Although it seems common sense, code branching should be avoided in code where high performance and determinism is required. Code branching can cause a cache invalidate on both the initial branch and the return, which could add a considerable amount of latency that is difficult to quantify. Because of this, code branching under these conditions should be avoided or at the least minimized as much as possible.

(16)

Conclusion

This article was designed to point the spotlight on specific areas of multi-core system design and their use as platforms for embedded systems. The area of system configuration, memory architecture, and

programming were addressed, but this is not a definitive list.

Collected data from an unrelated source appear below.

lemma large_support_term_le:
  fixes \<epsilon> :: real and n q s :: nat
  assumes "n \<ge> 1" "q \<ge> 1" "\<epsilon> < 1/2" "(1 - 2*\<epsilon>) * (real n * real q / (real n + real q)) \<le> real s"
  shows "real q * (real (card (disc_simplex q (n - 1))) / real (card (disc_simplex q n))) / real s
           \<le> (1 + 1 / real n) / (1 - 2 * \<epsilon>)"
proof -
  define D where "D = real n + real q - 1"
  define c where "c = 1 - 2 * \<epsilon>"
  have pos: "D > 0" "c > 0" "c * (real n * real q / (real n + real q)) > 0"
    using assms unfolding D_def c_def by auto
  hence "real s > 0" using assms(4) unfolding c_def by linarith
  have "real q * (real n / D) / real s
      \<le> real q * (real n / D) / (c * (real n * real q / (real n + real q)))"
    using assms pos \<open>real s > 0\<close> unfolding c_def by (intro divide_left_mono mult_pos_pos) auto
  also have "\<dots> = (real n + real q) / D / c"
    using assms pos by (simp add: field_simps)
  also have "\<dots> \<le> (1 + 1 / real n) / c"
    using assms pos unfolding D_def by (intro divide_right_mono) (auto simp: field_simps)
  finally show ?thesis unfolding card_disc_simplex_ratio[OF assms(1,2)] D_def c_def .
qed

lemma Mq_div_volume_le:
  fixes qt \<epsilon> :: real and n q :: nat
  assumes qt: "qt > 0" and \<epsilon>: "0 < \<epsilon>" "\<epsilon> \<le> 1/4" and q: "q = nat \<lfloor>qt * real n\<rfloor>"
    and large: "qt * real n \<ge> 2" "\<epsilon> * (qt / (2 + qt)) * real n \<ge> 2" and n: "n \<ge> 1"
  shows "real (Mq q n 1) / (real (card (disc_simplex q n)) / real q)
     \<le> qt * (1 + \<epsilon>)^2 / \<epsilon> * (real n / ((1 + \<epsilon>) powr (\<epsilon> * (qt / (2 + qt)))) ^ n)
        + (1 + 1 / real n) / (1 - 2 * \<epsilon>)"
proof -
  define m where "m = real n * real q / (real n + real q)"
  have q_le: "real q \<le> qt * real n" and "qt * real n - 1 < real q"
    unfolding q using real_nat_floor_bounds[of "qt * real n"] qt by auto
  hence q_ge: "qt * real n \<le> 2 * real q" using large(1) by linarith
  hence q1: "q \<ge> 1" using large(1) by linarith
  define c where "c = qt / (2 + qt)"
  have "c * (real n + real q) \<le> real q"
    using qt q_ge unfolding c_def by (simp add: field_simps)
  hence "real n * (c * (real n + real q)) \<le> real n * real q" by (intro mult_left_mono) auto
  hence "c * real n * (real n + real q) \<le> real n * real q" by (simp add: algebra_simps)
  hence m_ge: "c * real n \<le> m"
    unfolding m_def using n q1 by (simp add: field_simps)
  hence "\<epsilon> * (c * real n) \<le> \<epsilon> * m" using \<epsilon> by (intro mult_left_mono) auto
  hence eps_m: "\<epsilon> * m \<ge> \<epsilon> * (qt / (2 + qt)) * real n" unfolding c_def by (simp add: mult.assoc)
  hence "\<epsilon> * m \<ge> 2" using large(2) by linarith
  then obtain s s0 :: nat where s: "1 \<le> s" "s \<le> s0" "(1 - 2*\<epsilon>) * m \<le> real s"
    "real s0 \<le> (1 - \<epsilon>) * m" "\<epsilon> * m - 2 \<le> real (s0 - s)"
    by (rule obtain_support_thresholds[OF \<epsilon>])
  define V where "V k = real (card (disc_simplex q k))" for k
  have V_pos: "V n > 0" unfolding V_def using card_disc_simplex_pos[OF q1] by simp
  have "real (Mq q n 1) \<le> V n / (\<epsilon> * (1 + \<epsilon>) ^ (s0 - s)) + V (n - 1) / real s"
    unfolding V_def by (rule Mq_le_small_support_bound[OF n q1 \<epsilon>(1) _ m_def s(4,1,2)]) (use \<epsilon> in simp)
  hence "real (Mq q n 1) * real q / V n
      \<le> (V n / (\<epsilon> * (1 + \<epsilon>) ^ (s0 - s)) + V (n - 1) / real s) * real q / V n"
    using V_pos by (intro divide_right_mono mult_right_mono) auto
  hence "real (Mq q n 1) / (V n / real q)
      \<le> real q / (\<epsilon> * (1 + \<epsilon>) ^ (s0 - s)) + real q * (V (n - 1) / V n) / real s"
    using V_pos by (simp add: field_simps)
  also have "real q / (\<epsilon> * (1 + \<epsilon>) ^ (s0 - s))
      \<le> qt * (1 + \<epsilon>)^2 / \<epsilon> * (real n / ((1 + \<epsilon>) powr (\<epsilon> * (qt / (2 + qt)))) ^ n)"
    by (rule small_support_term_le[OF \<epsilon>(1) _ q_le]) (use s(5) eps_m in linarith)
  also have "real q * (V (n - 1) / V n) / real s \<le> (1 + 1 / real n) / (1 - 2 * \<epsilon>)"
    unfolding V_def by (rule large_support_term_le[OF n q1 _ s(3)[unfolded m_def]]) (use \<epsilon> in simp)
  finally show ?thesis unfolding V_def by simp
qed

lemma eventually_mult_real_ge:
  assumes "c > 0"
  shows "eventually (\<lambda>n::nat. c * real n \<ge> C) sequentially"
  using eventually_ge_at_top[of "nat \<lceil>C / c\<rceil>"]
proof eventually_elim
  case (elim n)
  hence "real n \<ge> C / c" by linarith
  thus ?case using assms by (simp add: field_simps)
qed

lemma eventually_nat_floor_mult_ge_1:
  assumes "qt > 0"
  shows "eventually (\<lambda>n. nat \<lfloor>qt * real n\<rfloor> \<ge> 1) sequentially"
  using eventually_mult_real_ge[OF assms, of 1] by eventually_elim linarith

lemma eventually_Mq_div_volume_less:
  fixes qt a :: real
  assumes qt: "qt > 0" and a: "a > 1"
  shows "eventually (\<lambda>n. real (Mq (nat \<lfloor>qt * real n\<rfloor>) n 1)
            / (real (card (disc_simplex (nat \<lfloor>qt * real n\<rfloor>) n)) / real (nat \<lfloor>qt * real n\<rfloor>)) < a)
           sequentially"
proof -
  define \<epsilon> where "\<epsilon> = min (1/4) ((a - 1) / 8)"
  have \<epsilon>: "0 < \<epsilon>" "\<epsilon> \<le> 1/4" "\<epsilon> \<le> (a - 1) / 8" using a unfolding \<epsilon>_def by (auto simp: min_def)
  define b where "b = (1 + \<epsilon>) powr (\<epsilon> * (qt / (2 + qt)))"
  have "b > 1" unfolding b_def using \<epsilon> qt by simp
  define U where "U n = qt * (1 + \<epsilon>)^2 / \<epsilon> * (real n / b ^ n) + (1 + 1 / real n) / (1 - 2 * \<epsilon>)"
    for n :: nat
  have "U \<longlonglongrightarrow> qt * (1 + \<epsilon>)^2 / \<epsilon> * 0 + (1 + 0) / (1 - 2 * \<epsilon>)"
    unfolding U_def using \<open>b > 1\<close> \<epsilon>
    by (intro tendsto_intros lim_n_over_pown lim_1_over_n) auto
  moreover have "1 / (1 - 2 * \<epsilon>) < a"
  proof -
    have "1 \<le> (1 + 4 * \<epsilon>) * (1 - 2 * \<epsilon>)" using \<epsilon> by (simp add: algebra_simps power2_eq_square)
    hence "1 / (1 - 2 * \<epsilon>) \<le> 1 + 4 * \<epsilon>" using \<epsilon> by (simp add: divide_le_eq)
    moreover have "8 * \<epsilon> \<le> a - 1" using \<epsilon>(3) by simp
    ultimately show ?thesis using \<epsilon> a by linarith
  qed
  ultimately have "eventually (\<lambda>n. U n < a) sequentially" by (simp add: order_tendstoD(2))
  moreover have "eventually (\<lambda>n. qt * real n \<ge> 2) sequentially"
    by (rule eventually_mult_real_ge[OF qt])
  moreover have "eventually (\<lambda>n. \<epsilon> * (qt / (2 + qt)) * real n \<ge> 2) sequentially"
    by (rule eventually_mult_real_ge) (use \<epsilon> qt in simp)
  ultimately show ?thesis using eventually_ge_at_top[of 1]
  proof eventually_elim
    case (elim n)
    have "real (Mq (nat \<lfloor>qt * real n\<rfloor>) n 1)
         / (real (card (disc_simplex (nat \<lfloor>qt * real n\<rfloor>) n)) / real (nat \<lfloor>qt * real n\<rfloor>)) \<le> U n"
      unfolding U_def b_def using Mq_div_volume_le[OF qt \<epsilon>(1,2) refl] elim by simp
    thus ?case using elim(1) by simp
  qed
qed

theorem Mq_div_volume_tendsto:
  fixes qt :: real
  assumes qt: "qt > 0"
  shows "(\<lambda>n. real (Mq (nat \<lfloor>qt * real n\<rfloor>) n 1)
            / (real (card (disc_simplex (nat \<lfloor>qt * real n\<rfloor>) n)) / real (nat \<lfloor>qt * real n\<rfloor>)))
         \<longlonglongrightarrow> 1"
proof (rule order_tendstoI)
  fix a :: real assume "a < 1"
  show "eventually (\<lambda>n. a < real (Mq (nat \<lfloor>qt * real n\<rfloor>) n 1)
            / (real (card (disc_simplex (nat \<lfloor>qt * real n\<rfloor>) n)) / real (nat \<lfloor>qt * real n\<rfloor>)))
          sequentially"
    using eventually_nat_floor_mult_ge_1[OF qt]
  proof eventually_elim
    case (elim n)
    have "1 \<le> real (Mq (nat \<lfloor>qt * real n\<rfloor>) n 1)
               / (real (card (disc_simplex (nat \<lfloor>qt * real n\<rfloor>) n)) / real (nat \<lfloor>qt * real n\<rfloor>))"
      unfolding le_divide_eq_1_pos[OF volume_div_pos[OF elim]] by (rule card_disc_simplex_div_le_Mq[OF elim])
    with \<open>a < 1\<close> show ?case by (rule less_le_trans)
  qed
qed (rule eventually_Mq_div_volume_less[OF qt])

section \<open>Asymptotics of the simplex volume\<close>

text \<open>\<open>g\<^sub>n(x) = (n+x) ln(n+x) - x ln x\<close> is the leading part of \<open>ln C(n+x, n)\<close>; its derivative is
  \<open>ln(1 + n/x)\<close>, which links the rounding \<open>q = \<lfloor>qt n\<rfloor>\<close> to the factor \<open>(1 + 1/qt)\<^sup>\<rho>\<^sup>(\<^sup>n\<^sup>)\<close>.\<close>

definition binomial_potential :: "real \<Rightarrow> real \<Rightarrow> real" where
  "binomial_potential n x = (n + x) * ln (n + x) - x * ln x"

lemma binomial_potential_deriv:
  "n > 0 \<Longrightarrow> x > 0 \<Longrightarrow> (binomial_potential n has_real_derivative ln (n + x) - ln x) (at x)"
  unfolding binomial_potential_def by (rule derivative_eq_intros refl | simp)+

lemma ln_one_plus_div_antimono:
  fixes n x y :: real
  assumes "0 < n" "0 < x" "x \<le> y"
  shows "ln (1 + n / y) \<le> ln (1 + n / x)"
proof -
  have "n / y \<le> n / x" using assms by (intro divide_left_mono) auto
  moreover have "n / y \<ge> 0" using assms by simp
  ultimately show ?thesis by (intro ln_mono) auto
qed

lemma binomial_potential_linearization:
  fixes n a b :: real
  assumes n: "n > 0" and b: "b > 1" and ab: "b - 1 \<le> a" "a \<le> b"
  shows "\<bar>binomial_potential n a - binomial_potential n b - (a - b) * ln (1 + n / b)\<bar>
           \<le> ln (1 + n / (b - 1)) - ln (1 + n / b)"
proof (cases "a = b")
  case True
  thus ?thesis using ln_one_plus_div_antimono[of n "b - 1" b] n b by simp
next
  case False
  hence "a < b" using ab by simp
  moreover have "a > 0" using ab b by simp
  ultimately obtain z where z: "a < z" "z < b"
    and mvt: "binomial_potential n b - binomial_potential n a = (b - a) * (ln (n + z) - ln z)"
    using MVT2[of a b "binomial_potential n" "\<lambda>x. ln (n + x) - ln x"] binomial_potential_deriv[OF n]
    by force
  have "z > 0" using z \<open>a > 0\<close> by simp
  moreover have "1 + n / z = (n + z) / z" using \<open>z > 0\<close> by (simp add: field_simps)
  ultimately have "ln (n + z) - ln z = ln (1 + n / z)" using n by (simp add: ln_div)
  hence "binomial_potential n a - binomial_potential n b - (a - b) * ln (1 + n / b)
      = - ((b - a) * (ln (1 + n / z) - ln (1 + n / b)))"
    using mvt by (simp add: algebra_simps)
  moreover have lower: "ln (1 + n / b) \<le> ln (1 + n / z)" and upper: "ln (1 + n / z) \<le> ln (1 + n / (b - 1))"
    using z ab n b \<open>z > 0\<close> by (auto intro!: ln_one_plus_div_antimono)
  ultimately have "\<bar>binomial_potential n a - binomial_potential n b - (a - b) * ln (1 + n / b)\<bar>
      = (b - a) * (ln (1 + n / z) - ln (1 + n / b))"
    using \<open>a < b\<close> by simp
  also have "\<dots> \<le> 1 * (ln (1 + n / (b - 1)) - ln (1 + n / b))"
    using ab \<open>a < b\<close> lower upper by (intro mult_mono) auto
  finally show ?thesis by simp
qed

lemma volume_div_eq_fact:
  assumes "n \<ge> 1" "q \<ge> 1"
  shows "real (card (disc_simplex q n)) / real q = fact (n + q) / (fact n * fact q * real (n + q))"
proof -
  have "real ((n + q - 1) choose n) = fact (n + q - 1) / (fact n * fact (n + q - 1 - n))"
    by (rule binomial_fact) (use assms in simp)
  also have "n + q - 1 - n = q - 1" by simp
  finally have binom: "real ((n + q - 1) choose n) = fact (n + q - 1) / (fact n * fact (q - 1))" .
  have fact_Suc: "(fact (n + q) :: real) = real (n + q) * fact (n + q - 1)"
    "(fact q :: real) = real q * fact (q - 1)"
    using assms by (simp_all add: fact_reduce)
  have "F / (A * B) / Q = (N * F) / (A * (Q * B) * N)"
    if "N > 0" "Q > 0" "A > 0" "B > 0" for N Q A B F :: real
    using that by (simp add: field_simps)
  thus ?thesis unfolding card_disc_simplex binom fact_Suc using assms by simp
qed

lemma ln_volume_div_eq:
  assumes "n \<ge> 1" "q \<ge> 1"
  shows "ln (real (card (disc_simplex q n)) / real q)
    = stirling_remainder (n + q) - stirling_remainder n - stirling_remainder q
      + (real n + real q + 1/2) * ln (real n + real q) - (real n + 1/2) * ln (real n)
      - (real q + 1/2) * ln (real q) - ln (real n + real q)"
  using assms ln_fact_eq_stirling[of "n + q"] ln_fact_eq_stirling[of n] ln_fact_eq_stirling[of q]
  unfolding volume_div_eq_fact[OF assms] by (simp add: ln_div ln_mult)

lemma bin_entropy_conv_ln:
  assumes qt: "qt > 0"
  shows "(1 + qt) * bin_entropy (1 / (1 + qt)) * ln 2 = (1 + qt) * ln (1 + qt) - qt * ln qt"
proof -
  have "bin_entropy p * ln 2 = - p * ln p - (1 - p) * ln (1 - p)" for p
    unfolding bin_entropy_def log_def by (simp add: field_simps)
  moreover have "1 - 1 / (1 + qt) = qt / (1 + qt)" using qt by (simp add: field_simps)
  ultimately have "bin_entropy (1 / (1 + qt)) * ln 2
      = - (1 / (1 + qt)) * ln (1 / (1 + qt)) - (qt / (1 + qt)) * ln (qt / (1 + qt))"
    by simp
  also have "\<dots> = (ln (1 + qt) - qt * ln qt + qt * ln (1 + qt)) / (1 + qt)"
  proof -
    have "ln (1 / (1 + qt)) = - ln (1 + qt)" "ln (qt / (1 + qt)) = ln qt - ln (1 + qt)"
      using qt by (simp_all add: ln_div)
    moreover have "- (1 / d) * (- A) - (qt / d) * (B - A) = (A - qt * B + qt * A) / d"
      if "d \<noteq> 0" for d A B :: real
      using that by (simp add: field_simps)
    ultimately show ?thesis using qt by simp
  qed
  finally have "(1 + qt) * (bin_entropy (1 / (1 + qt)) * ln 2)
      = ln (1 + qt) - qt * ln qt + qt * ln (1 + qt)"
    using qt by (simp add: field_simps)
  thus ?thesis by (simp add: algebra_simps)
qed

The information presented here should be used as a primer by the embedded systems engineers to start the systematic thought process of how today’s systems are architected and how the off-the-shelf designs of these systems can be used to develop some of today’s most high performing, deterministic

applications for anything from machine tool control to digital media processing to cutting-edge medical instruments that require a rich interactive user interface with the power and performance and scalability that only a multicore RTOS platform can provide.

So, take this information, use it as a starting point of understanding, and go build the platforms of tomorrow starting with the foundations of the platforms being built today.